==== DATA SHOWN

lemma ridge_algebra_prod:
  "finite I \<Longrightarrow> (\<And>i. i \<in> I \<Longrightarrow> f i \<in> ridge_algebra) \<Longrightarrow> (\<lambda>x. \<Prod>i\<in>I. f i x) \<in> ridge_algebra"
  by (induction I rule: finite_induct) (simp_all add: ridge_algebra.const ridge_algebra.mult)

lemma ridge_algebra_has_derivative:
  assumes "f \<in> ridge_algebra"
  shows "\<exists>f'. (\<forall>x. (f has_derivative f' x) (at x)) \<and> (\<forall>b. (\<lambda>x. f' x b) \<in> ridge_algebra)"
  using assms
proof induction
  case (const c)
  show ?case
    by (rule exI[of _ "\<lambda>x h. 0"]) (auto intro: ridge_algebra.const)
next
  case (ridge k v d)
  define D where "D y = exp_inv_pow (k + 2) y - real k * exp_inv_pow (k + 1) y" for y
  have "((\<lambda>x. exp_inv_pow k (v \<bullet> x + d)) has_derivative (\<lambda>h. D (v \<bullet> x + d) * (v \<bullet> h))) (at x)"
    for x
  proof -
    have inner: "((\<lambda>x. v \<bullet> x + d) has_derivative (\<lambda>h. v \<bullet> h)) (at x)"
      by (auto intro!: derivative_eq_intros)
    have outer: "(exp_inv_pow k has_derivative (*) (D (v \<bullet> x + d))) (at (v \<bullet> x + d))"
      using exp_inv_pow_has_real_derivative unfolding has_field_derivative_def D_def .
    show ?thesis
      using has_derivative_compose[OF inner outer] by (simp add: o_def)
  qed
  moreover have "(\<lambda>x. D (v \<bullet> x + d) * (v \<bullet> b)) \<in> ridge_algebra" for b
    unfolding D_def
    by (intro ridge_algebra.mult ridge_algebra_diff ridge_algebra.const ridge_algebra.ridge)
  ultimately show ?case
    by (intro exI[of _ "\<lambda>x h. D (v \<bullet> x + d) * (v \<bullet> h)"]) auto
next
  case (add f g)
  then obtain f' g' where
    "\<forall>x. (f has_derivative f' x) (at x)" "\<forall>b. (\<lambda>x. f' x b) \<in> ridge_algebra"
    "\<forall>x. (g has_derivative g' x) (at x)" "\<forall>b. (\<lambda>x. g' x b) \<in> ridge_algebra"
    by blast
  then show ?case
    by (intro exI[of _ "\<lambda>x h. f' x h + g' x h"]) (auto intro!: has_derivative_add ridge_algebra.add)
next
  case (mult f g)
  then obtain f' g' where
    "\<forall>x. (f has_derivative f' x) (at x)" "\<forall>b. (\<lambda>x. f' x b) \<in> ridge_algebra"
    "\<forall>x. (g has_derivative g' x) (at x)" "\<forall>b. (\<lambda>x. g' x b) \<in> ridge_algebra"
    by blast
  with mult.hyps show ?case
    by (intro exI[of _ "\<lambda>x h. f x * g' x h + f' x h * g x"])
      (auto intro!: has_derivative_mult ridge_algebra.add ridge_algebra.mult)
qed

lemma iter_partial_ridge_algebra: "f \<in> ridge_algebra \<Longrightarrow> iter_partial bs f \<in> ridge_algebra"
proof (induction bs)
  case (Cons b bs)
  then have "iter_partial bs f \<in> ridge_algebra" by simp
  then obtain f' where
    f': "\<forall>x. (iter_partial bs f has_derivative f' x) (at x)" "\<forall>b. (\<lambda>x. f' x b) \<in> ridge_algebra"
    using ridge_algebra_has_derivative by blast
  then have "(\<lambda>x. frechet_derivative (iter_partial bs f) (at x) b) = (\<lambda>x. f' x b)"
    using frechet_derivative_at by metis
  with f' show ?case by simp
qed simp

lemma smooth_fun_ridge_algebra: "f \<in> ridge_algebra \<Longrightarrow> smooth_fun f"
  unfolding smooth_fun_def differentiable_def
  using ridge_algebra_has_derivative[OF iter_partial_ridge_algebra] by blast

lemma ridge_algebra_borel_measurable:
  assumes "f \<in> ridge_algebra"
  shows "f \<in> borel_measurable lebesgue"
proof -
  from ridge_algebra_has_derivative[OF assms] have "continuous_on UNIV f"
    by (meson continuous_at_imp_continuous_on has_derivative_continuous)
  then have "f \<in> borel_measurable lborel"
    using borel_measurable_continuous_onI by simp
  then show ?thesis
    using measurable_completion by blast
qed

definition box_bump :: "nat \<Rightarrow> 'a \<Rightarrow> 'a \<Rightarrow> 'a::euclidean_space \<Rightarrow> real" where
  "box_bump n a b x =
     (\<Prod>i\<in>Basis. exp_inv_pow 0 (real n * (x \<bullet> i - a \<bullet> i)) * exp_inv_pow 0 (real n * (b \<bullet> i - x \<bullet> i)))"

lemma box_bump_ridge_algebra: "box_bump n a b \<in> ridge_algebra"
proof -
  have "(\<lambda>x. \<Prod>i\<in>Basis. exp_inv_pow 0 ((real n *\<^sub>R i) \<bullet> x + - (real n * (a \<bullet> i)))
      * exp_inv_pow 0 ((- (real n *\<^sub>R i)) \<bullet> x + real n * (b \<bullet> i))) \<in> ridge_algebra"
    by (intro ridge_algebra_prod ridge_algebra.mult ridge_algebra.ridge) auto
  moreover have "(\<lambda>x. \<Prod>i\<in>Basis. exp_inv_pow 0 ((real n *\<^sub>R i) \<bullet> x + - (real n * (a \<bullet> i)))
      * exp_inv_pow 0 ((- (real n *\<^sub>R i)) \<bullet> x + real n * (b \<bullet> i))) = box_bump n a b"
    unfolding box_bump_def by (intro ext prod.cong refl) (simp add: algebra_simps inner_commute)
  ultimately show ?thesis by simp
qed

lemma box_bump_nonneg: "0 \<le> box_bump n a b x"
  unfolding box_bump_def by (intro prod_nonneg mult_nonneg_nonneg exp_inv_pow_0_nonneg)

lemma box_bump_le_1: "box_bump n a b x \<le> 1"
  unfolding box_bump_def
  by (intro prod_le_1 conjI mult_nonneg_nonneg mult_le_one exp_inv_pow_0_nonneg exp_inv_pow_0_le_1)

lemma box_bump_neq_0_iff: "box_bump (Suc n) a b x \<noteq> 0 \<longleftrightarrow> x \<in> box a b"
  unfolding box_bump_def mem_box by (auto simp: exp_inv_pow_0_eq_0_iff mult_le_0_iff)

========

### EXERCISE REQUIREMENTS
Repeat every line of the data, exactly and in full.

### RESPONSE
lemma ridge_algebra_prod:
  "finite I \<Longrightarrow> (\<And>i. i \<in> I \<Longrightarrow> f i \<in> ridge_algebra) \<Longrightarrow> (\<lambda>x. \<Prod>i\<in>I. f i x) \<in> ridge_algebra"
  by (induction I rule: finite_induct) (simp_all add: ridge_algebra.const ridge_algebra.mult)

lemma ridge_algebra_has_derivative:
  assumes "f \<in> ridge_algebra"
  shows "\<exists>f'. (\<forall>x. (f has_derivative f' x) (at x)) \<and> (\<forall>b. (\<lambda>x. f' x b) \<in> ridge_algebra)"
  using assms
proof induction
  case (const c)
  show ?case
    by (rule exI[of _ "\<lambda>x h. 0"]) (auto intro: ridge_algebra.const)
next
  case (ridge k v d)
  define D where "D y = exp_inv_pow (k + 2) y - real k * exp_inv_pow (k + 1) y" for y
  have "((\<lambda>x. exp_inv_pow k (v \<bullet> x + d)) has_derivative (\<lambda>h. D (v \<bullet> x + d) * (v \<bullet> h))) (at x)"
    for x
  proof -
    have inner: "((\<lambda>x. v \<bullet> x + d) has_derivative (\<lambda>h. v \<bullet> h)) (at x)"
      by (auto intro!: derivative_eq_intros)
    have outer: "(exp_inv_pow k has_derivative (*) (D (v \<bullet> x + d))) (at (v \<bullet> x + d))"
      using exp_inv_pow_has_real_derivative unfolding has_field_derivative_def D_def .
    show ?thesis
      using has_derivative_compose[OF inner outer] by (simp add: o_def)
  qed
  moreover have "(\<lambda>x. D (v \<bullet> x + d) * (v \<bullet> b)) \<in> ridge_algebra" for b
    unfolding D_def
    by (intro ridge_algebra.mult ridge_algebra_diff ridge_algebra.const ridge_algebra.ridge)
  ultimately show ?case
    by (intro exI[of _ "\<lambda>x h. D (v \<bullet> x + d) * (v \<bullet> h)"]) auto
next
  case (add f g)
  then obtain f' g' where
    "\<forall>x. (f has_derivative f' x) (at x)" "\<forall>b. (\<lambda>x. f' x b) \<in> ridge_algebra"
    "\<forall>x. (g has_derivative g' x) (at x)" "\<forall>b. (\<lambda>x. g' x b) \<in> ridge_algebra"
    by blast
  then show ?case
    by (intro exI[of _ "\<lambda>x h. f' x h + g' x h"]) (auto intro!: has_derivative_add ridge_algebra.add)
next
  case (mult f g)
  then obtain f' g' where
    "\<forall>x. (f has_derivative f' x) (at x)" "\<forall>b. (\<lambda>x. f' x b) \<in> ridge_algebra"
    "\<forall>x. (g has_derivative g' x) (at x)" "\<forall>b. (\<lambda>x. g' x b) \<in> ridge_algebra"
    by blast
  with mult.hyps show ?case
    by (intro exI[of _ "\<lambda>x h. f x * g' x h + f' x h * g x"])
      (auto intro!: has_derivative_mult ridge_algebra.add ridge_algebra.mult)
qed

lemma iter_partial_ridge_algebra: "f \<in> ridge_algebra \<Longrightarrow> iter_partial bs f \<in> ridge_algebra"
proof (induction bs)
  case (Cons b bs)
  then have "iter_partial bs f \<in> ridge_algebra" by simp
  then obtain f' where
    f': "\<forall>x. (iter_partial bs f has_derivative f' x) (at x)" "\<forall>b. (\<lambda>x. f' x b) \<in> ridge_algebra"
    using ridge_algebra_has_derivative by blast
  then have "(\<lambda>x. frechet_derivative (iter_partial bs f) (at x) b) = (\<lambda>x. f' x b)"
    using frechet_derivative_at by metis
  with f' show ?case by simp
qed simp

lemma smooth_fun_ridge_algebra: "f \<in> ridge_algebra \<Longrightarrow> smooth_fun f"
  unfolding smooth_fun_def differentiable_def
  using ridge_algebra_has_derivative[OF iter_partial_ridge_algebra] by blast

lemma ridge_algebra_borel_measurable:
  assumes "f \<in> ridge_algebra"
  shows "f \<in> borel_measurable lebesgue"
proof -
  from ridge_algebra_has_derivative[OF assms] have "continuous_on UNIV f"
    by (meson continuous_at_imp_continuous_on has_derivative_continuous)
  then have "f \<in> borel_measurable lborel"
    using borel_measurable_continuous_onI by simp
  then show ?thesis
    using measurable_completion by blast
qed

definition box_bump :: "nat \<Rightarrow> 'a \<Rightarrow> 'a \<Rightarrow> 'a::euclidean_space \<Rightarrow> real" where
  "box_bump n a b x =
     (\<Prod>i\<in>Basis. exp_inv_pow 0 (real n * (x \<bullet> i - a \<bullet> i)) * exp_inv_pow 0 (real n * (b \<bullet> i - x \<bullet> i)))"

lemma box_bump_ridge_algebra: "box_bump n a b \<in> ridge_algebra"
proof -
  have "(\<lambda>x. \<Prod>i\<in>Basis. exp_inv_pow 0 ((real n *\<^sub>R i) \<bullet> x + - (real n * (a \<bullet> i)))
      * exp_inv_pow 0 ((- (real n *\<^sub>R i)) \<bullet> x + real n * (b \<bullet> i))) \<in> ridge_algebra"
    by (intro ridge_algebra_prod ridge_algebra.mult ridge_algebra.ridge) auto
  moreover have "(\<lambda>x. \<Prod>i\<in>Basis. exp_inv_pow 0 ((real n *\<^sub>R i) \<bullet> x + - (real n * (a \<bullet> i)))
      * exp_inv_pow 0 ((- (real n *\<^sub>R i)) \<bullet> x + real n * (b \<bullet> i))) = box_bump n a b"
    unfolding box_bump_def by (intro ext prod.cong refl) (simp add: algebra_simps inner_commute)
  ultimately show ?thesis by simp
qed

lemma box_bump_nonneg: "0 \<le> box_bump n a b x"
  unfolding box_bump_def by (intro prod_nonneg mult_nonneg_nonneg exp_inv_pow_0_nonneg)

lemma box_bump_le_1: "box_bump n a b x \<le> 1"
  unfolding box_bump_def
  by (intro prod_le_1 conjI mult_nonneg_nonneg mult_le_one exp_inv_pow_0_nonneg exp_inv_pow_0_le_1)

lemma box_bump_neq_0_iff: "box_bump (Suc n) a b x \<noteq> 0 \<longleftrightarrow> x \<in> box a b"
  unfolding box_bump_def mem_box by (auto simp: exp_inv_pow_0_eq_0_iff mult_le_0_iff)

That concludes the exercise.